**TASK TO CARRY OUT**
Beginning at the line containing "proof (cases rule: vertex_trichotomy[where" in the material below and ending at the line containing "unfolding E_def using", return each line exactly and add nothing.

**MATERIAL FOR THE TASK**
/---

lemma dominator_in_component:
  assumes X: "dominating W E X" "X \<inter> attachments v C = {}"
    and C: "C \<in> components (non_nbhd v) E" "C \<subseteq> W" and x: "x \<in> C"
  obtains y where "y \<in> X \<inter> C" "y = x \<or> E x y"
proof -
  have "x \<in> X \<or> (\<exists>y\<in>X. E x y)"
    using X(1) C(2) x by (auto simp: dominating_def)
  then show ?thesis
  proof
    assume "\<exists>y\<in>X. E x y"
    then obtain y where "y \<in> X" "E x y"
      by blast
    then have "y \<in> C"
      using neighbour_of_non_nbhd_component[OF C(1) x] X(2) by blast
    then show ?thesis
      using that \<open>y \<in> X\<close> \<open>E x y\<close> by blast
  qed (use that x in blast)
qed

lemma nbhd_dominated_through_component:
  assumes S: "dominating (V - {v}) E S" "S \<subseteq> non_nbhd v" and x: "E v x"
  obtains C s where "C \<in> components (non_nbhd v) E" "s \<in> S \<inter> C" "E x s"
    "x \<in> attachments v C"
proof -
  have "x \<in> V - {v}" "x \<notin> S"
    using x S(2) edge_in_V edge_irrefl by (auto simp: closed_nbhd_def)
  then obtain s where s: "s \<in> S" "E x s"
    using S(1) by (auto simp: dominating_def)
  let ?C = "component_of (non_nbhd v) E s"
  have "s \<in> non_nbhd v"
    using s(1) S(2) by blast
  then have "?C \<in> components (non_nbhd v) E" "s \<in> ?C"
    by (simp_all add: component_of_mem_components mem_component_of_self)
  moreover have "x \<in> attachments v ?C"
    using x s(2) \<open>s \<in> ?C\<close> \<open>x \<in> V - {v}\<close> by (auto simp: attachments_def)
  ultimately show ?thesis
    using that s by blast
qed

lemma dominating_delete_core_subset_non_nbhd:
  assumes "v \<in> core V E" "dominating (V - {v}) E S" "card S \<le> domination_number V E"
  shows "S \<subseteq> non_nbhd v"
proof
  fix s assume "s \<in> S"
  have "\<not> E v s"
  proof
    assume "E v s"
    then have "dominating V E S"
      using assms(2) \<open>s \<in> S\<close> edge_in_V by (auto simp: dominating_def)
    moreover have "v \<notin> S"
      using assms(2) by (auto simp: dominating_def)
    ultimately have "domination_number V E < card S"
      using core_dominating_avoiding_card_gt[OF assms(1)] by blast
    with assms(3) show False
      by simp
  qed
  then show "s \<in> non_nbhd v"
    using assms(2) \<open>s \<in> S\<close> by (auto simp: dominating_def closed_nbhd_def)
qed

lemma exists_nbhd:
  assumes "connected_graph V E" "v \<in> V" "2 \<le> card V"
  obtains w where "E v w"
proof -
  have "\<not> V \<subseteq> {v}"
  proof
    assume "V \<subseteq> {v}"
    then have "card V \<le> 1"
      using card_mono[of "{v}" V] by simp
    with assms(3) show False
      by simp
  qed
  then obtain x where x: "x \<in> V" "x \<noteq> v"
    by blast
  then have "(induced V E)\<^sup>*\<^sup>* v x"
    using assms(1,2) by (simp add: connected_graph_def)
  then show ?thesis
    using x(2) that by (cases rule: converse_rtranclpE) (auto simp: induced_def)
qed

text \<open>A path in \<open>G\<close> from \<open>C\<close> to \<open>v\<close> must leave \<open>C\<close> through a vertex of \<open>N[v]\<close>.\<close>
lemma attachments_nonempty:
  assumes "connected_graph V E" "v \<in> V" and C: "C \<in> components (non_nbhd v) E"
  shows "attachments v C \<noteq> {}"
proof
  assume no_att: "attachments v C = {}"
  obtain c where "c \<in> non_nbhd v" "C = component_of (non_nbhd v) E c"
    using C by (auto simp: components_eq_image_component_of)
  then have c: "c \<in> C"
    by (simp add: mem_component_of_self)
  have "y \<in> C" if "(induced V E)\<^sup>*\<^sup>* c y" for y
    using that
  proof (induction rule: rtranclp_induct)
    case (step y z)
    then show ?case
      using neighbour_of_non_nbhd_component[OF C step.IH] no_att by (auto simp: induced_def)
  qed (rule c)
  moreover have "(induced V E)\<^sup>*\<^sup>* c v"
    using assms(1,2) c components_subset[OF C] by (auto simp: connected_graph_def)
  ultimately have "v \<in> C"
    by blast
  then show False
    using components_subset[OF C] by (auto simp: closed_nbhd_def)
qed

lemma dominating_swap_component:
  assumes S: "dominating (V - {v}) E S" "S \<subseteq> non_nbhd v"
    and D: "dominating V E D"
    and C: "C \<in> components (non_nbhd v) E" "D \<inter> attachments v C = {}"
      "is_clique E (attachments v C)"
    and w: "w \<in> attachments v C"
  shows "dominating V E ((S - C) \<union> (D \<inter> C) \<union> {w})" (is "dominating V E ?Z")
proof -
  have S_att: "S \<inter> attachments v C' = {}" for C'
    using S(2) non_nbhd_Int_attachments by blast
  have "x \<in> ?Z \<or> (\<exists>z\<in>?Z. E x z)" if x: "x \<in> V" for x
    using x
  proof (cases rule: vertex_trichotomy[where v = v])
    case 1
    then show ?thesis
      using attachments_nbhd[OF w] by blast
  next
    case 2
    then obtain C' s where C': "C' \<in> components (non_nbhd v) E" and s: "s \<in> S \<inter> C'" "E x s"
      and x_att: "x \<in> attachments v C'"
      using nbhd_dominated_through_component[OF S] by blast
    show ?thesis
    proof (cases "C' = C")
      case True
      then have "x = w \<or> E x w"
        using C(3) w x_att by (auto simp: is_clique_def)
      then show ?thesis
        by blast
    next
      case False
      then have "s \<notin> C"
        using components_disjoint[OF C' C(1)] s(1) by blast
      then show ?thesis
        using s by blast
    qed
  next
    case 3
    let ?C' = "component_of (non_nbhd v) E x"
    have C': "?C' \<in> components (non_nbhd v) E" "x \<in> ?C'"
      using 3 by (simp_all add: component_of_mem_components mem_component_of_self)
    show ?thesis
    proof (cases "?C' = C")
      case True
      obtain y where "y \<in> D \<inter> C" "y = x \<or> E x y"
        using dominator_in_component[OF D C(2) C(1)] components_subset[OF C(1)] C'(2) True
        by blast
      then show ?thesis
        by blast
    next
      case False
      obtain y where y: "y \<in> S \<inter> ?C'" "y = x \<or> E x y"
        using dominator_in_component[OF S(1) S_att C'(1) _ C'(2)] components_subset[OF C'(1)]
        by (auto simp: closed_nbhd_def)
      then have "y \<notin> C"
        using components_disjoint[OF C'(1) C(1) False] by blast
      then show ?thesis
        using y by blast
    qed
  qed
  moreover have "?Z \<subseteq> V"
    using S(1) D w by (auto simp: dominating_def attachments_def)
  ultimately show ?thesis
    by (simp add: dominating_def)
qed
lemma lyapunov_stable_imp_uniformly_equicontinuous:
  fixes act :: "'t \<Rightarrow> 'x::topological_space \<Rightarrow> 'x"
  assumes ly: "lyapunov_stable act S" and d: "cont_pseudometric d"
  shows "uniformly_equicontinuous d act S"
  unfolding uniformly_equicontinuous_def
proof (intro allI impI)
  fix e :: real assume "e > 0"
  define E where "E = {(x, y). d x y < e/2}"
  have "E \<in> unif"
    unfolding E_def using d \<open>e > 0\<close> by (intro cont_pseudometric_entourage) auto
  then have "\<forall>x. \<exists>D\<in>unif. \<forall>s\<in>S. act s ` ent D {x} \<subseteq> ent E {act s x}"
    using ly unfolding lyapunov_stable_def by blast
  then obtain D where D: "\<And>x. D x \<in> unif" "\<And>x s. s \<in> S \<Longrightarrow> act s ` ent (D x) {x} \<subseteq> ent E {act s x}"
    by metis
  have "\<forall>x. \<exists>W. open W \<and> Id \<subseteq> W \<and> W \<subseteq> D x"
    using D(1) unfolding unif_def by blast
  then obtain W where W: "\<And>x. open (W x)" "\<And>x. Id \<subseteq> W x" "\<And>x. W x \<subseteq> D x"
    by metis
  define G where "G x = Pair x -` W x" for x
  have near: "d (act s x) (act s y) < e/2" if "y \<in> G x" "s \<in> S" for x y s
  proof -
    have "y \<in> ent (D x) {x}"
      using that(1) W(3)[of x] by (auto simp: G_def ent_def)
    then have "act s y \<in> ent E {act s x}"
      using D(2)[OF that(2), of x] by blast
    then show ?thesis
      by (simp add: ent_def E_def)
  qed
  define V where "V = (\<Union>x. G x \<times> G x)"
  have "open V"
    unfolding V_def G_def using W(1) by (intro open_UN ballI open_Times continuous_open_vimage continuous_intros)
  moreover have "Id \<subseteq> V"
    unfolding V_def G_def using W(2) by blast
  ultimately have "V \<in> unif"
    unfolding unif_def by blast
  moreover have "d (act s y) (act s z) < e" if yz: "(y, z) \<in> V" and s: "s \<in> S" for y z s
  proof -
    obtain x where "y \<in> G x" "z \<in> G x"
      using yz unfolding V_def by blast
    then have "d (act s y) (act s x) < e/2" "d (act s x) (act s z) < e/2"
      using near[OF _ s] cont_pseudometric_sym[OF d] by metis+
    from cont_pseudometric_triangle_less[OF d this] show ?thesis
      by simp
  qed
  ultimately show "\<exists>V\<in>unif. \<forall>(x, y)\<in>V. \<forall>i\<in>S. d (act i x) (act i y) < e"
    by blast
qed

\---

**SOLUTION TO THE PROBLEM**
  proof (cases rule: vertex_trichotomy[where v = v])
    case 1
    then show ?thesis
      using attachments_nbhd[OF w] by blast
  next
    case 2
    then obtain C' s where C': "C' \<in> components (non_nbhd v) E" and s: "s \<in> S \<inter> C'" "E x s"
      and x_att: "x \<in> attachments v C'"
      using nbhd_dominated_through_component[OF S] by blast
    show ?thesis
    proof (cases "C' = C")
      case True
      then have "x = w \<or> E x w"
        using C(3) w x_att by (auto simp: is_clique_def)
      then show ?thesis
        by blast
    next
      case False
      then have "s \<notin> C"
        using components_disjoint[OF C' C(1)] s(1) by blast
      then show ?thesis
        using s by blast
    qed
  next
    case 3
    let ?C' = "component_of (non_nbhd v) E x"
    have C': "?C' \<in> components (non_nbhd v) E" "x \<in> ?C'"
      using 3 by (simp_all add: component_of_mem_components mem_component_of_self)
    show ?thesis
    proof (cases "?C' = C")
      case True
      obtain y where "y \<in> D \<inter> C" "y = x \<or> E x y"
        using dominator_in_component[OF D C(2) C(1)] components_subset[OF C(1)] C'(2) True
        by blast
      then show ?thesis
        by blast
    next
      case False
      obtain y where y: "y \<in> S \<inter> ?C'" "y = x \<or> E x y"
        using dominator_in_component[OF S(1) S_att C'(1) _ C'(2)] components_subset[OF C'(1)]
        by (auto simp: closed_nbhd_def)
      then have "y \<notin> C"
        using components_disjoint[OF C'(1) C(1) False] by blast
      then show ?thesis
        using y by blast
    qed
  qed
  moreover have "?Z \<subseteq> V"
    using S(1) D w by (auto simp: dominating_def attachments_def)
  ultimately show ?thesis
    by (simp add: dominating_def)
qed
lemma lyapunov_stable_imp_uniformly_equicontinuous:
  fixes act :: "'t \<Rightarrow> 'x::topological_space \<Rightarrow> 'x"
  assumes ly: "lyapunov_stable act S" and d: "cont_pseudometric d"
  shows "uniformly_equicontinuous d act S"
  unfolding uniformly_equicontinuous_def
proof (intro allI impI)
  fix e :: real assume "e > 0"
  define E where "E = {(x, y). d x y < e/2}"
  have "E \<in> unif"
    unfolding E_def using d \<open>e > 0\<close> by (intro cont_pseudometric_entourage) auto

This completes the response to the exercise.